▶ _WHAT THIS TASK INVOLVES_: Among the entries that follow, find every line with the word "semifocal" and list it.

Saved entries:
(* For each $q\ge3$ (uniformly in $\xi_\infty\in[0,2\pi)$), $$\xi_q(\varphi_\infty(\xi_\infty))-\xi_\infty=O_{e_0,c}(1/q^2)\qquad\text{and}\qquad k_q-e_0=O_{e_0,c}(1/q^2),$$ where $O_{e_0,c}(X)$ denotes a quantity bounded in absolute value by $X$ times a constant depending only on $e_0$ and $c$.
   Context: Ellipse with semi-axes $0<b\le a$, eccentricity $e_0=\sqrt{1-b^2/a^2}\in[0,1)$, semi-focal distance $c=\sqrt{a^2-b^2}$. For $0\le k<1$, $F(\varphi;k)=\int_0^\varphi(1-k^2\sin^2\tau)^{-1/2}d\tau$, $K(k)=F(\pi/2;k)$, and $\mathrm{am}(\cdot;k)$ is the inverse function of $F(\cdot;k)$ (Jacobi amplitude). For $\lambda\in(0,b)$, $k_\lambda=\sqrt{(a^2-b^2)/(a^2-\lambda^2)}$, $\omega_\lambda=F(\arcsin(\lambda/b);k_\lambda)/(2K(k_\lambda))$ (strictly increasing from $0$ to $1/2$); for $q\ge3$, $\omega_{\lambda_q}=1/q$ and $k_q=k_{\lambda_q}$. Define $\xi_q(\varphi)=\frac{2\pi}{4K(k_q)}F(\varphi;k_q)$ and $\varphi_\infty(\xi)=\mathrm{am}\big(\frac{4K(e_0)}{2\pi}\xi;e_0\big)$. *)

theory Defs
  imports "HOL-Analysis.Analysis"
begin

definition ellF :: "real \<Rightarrow> real \<Rightarrow> real" where
  "ellF phi k = (if 0 \<le> phi
     then integral {0..phi} (\<lambda>t. 1 / sqrt (1 - k\<^sup>2 * (sin t)\<^sup>2))
     else - integral {phi..0} (\<lambda>t. 1 / sqrt (1 - k\<^sup>2 * (sin t)\<^sup>2)))"

definition ellK :: "real \<Rightarrow> real" where
  "ellK k = ellF (pi / 2) k"

definition jam :: "real \<Rightarrow> real \<Rightarrow> real" where
  "jam u k = (THE phi. ellF phi k = u)"

definition ecc0 :: "real \<Rightarrow> real \<Rightarrow> real" where
  "ecc0 a b = sqrt (1 - b\<^sup>2 / a\<^sup>2)"

definition semifocal :: "real \<Rightarrow> real \<Rightarrow> real" where
  "semifocal a b = sqrt (a\<^sup>2 - b\<^sup>2)"

definition k_lam :: "real \<Rightarrow> real \<Rightarrow> real \<Rightarrow> real" where
  "k_lam a b l = sqrt ((a\<^sup>2 - b\<^sup>2) / (a\<^sup>2 - l\<^sup>2))"

definition omega_lam :: "real \<Rightarrow> real \<Rightarrow> real \<Rightarrow> real" where
  "omega_lam a b l = ellF (arcsin (l / b)) (k_lam a b l) / (2 * ellK (k_lam a b l))"

definition lam_q :: "real \<Rightarrow> real \<Rightarrow> nat \<Rightarrow> real" where
  "lam_q a b q = (THE l. 0 < l \<and> l < b \<and> omega_lam a b l = 1 / real q)"

definition k_q :: "real \<Rightarrow> real \<Rightarrow> nat \<Rightarrow> real" where
  "k_q a b q = k_lam a b (lam_q a b q)"

definition xi_q :: "real \<Rightarrow> real \<Rightarrow> nat \<Rightarrow> real \<Rightarrow> real" where
  "xi_q a b q phi = 2 * pi / (4 * ellK (k_q a b q)) * ellF phi (k_q a b q)"

definition phi_inf :: "real \<Rightarrow> real \<Rightarrow> real \<Rightarrow> real" where
  "phi_inf a b xi = jam (4 * ellK (ecc0 a b) / (2 * pi) * xi) (ecc0 a b)"

end

theory Submission
  imports Defs
begin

▶ _EXERCISE RESULT_:
definition semifocal :: "real \<Rightarrow> real \<Rightarrow> real" where
  "semifocal a b = sqrt (a\<^sup>2 - b\<^sup>2)"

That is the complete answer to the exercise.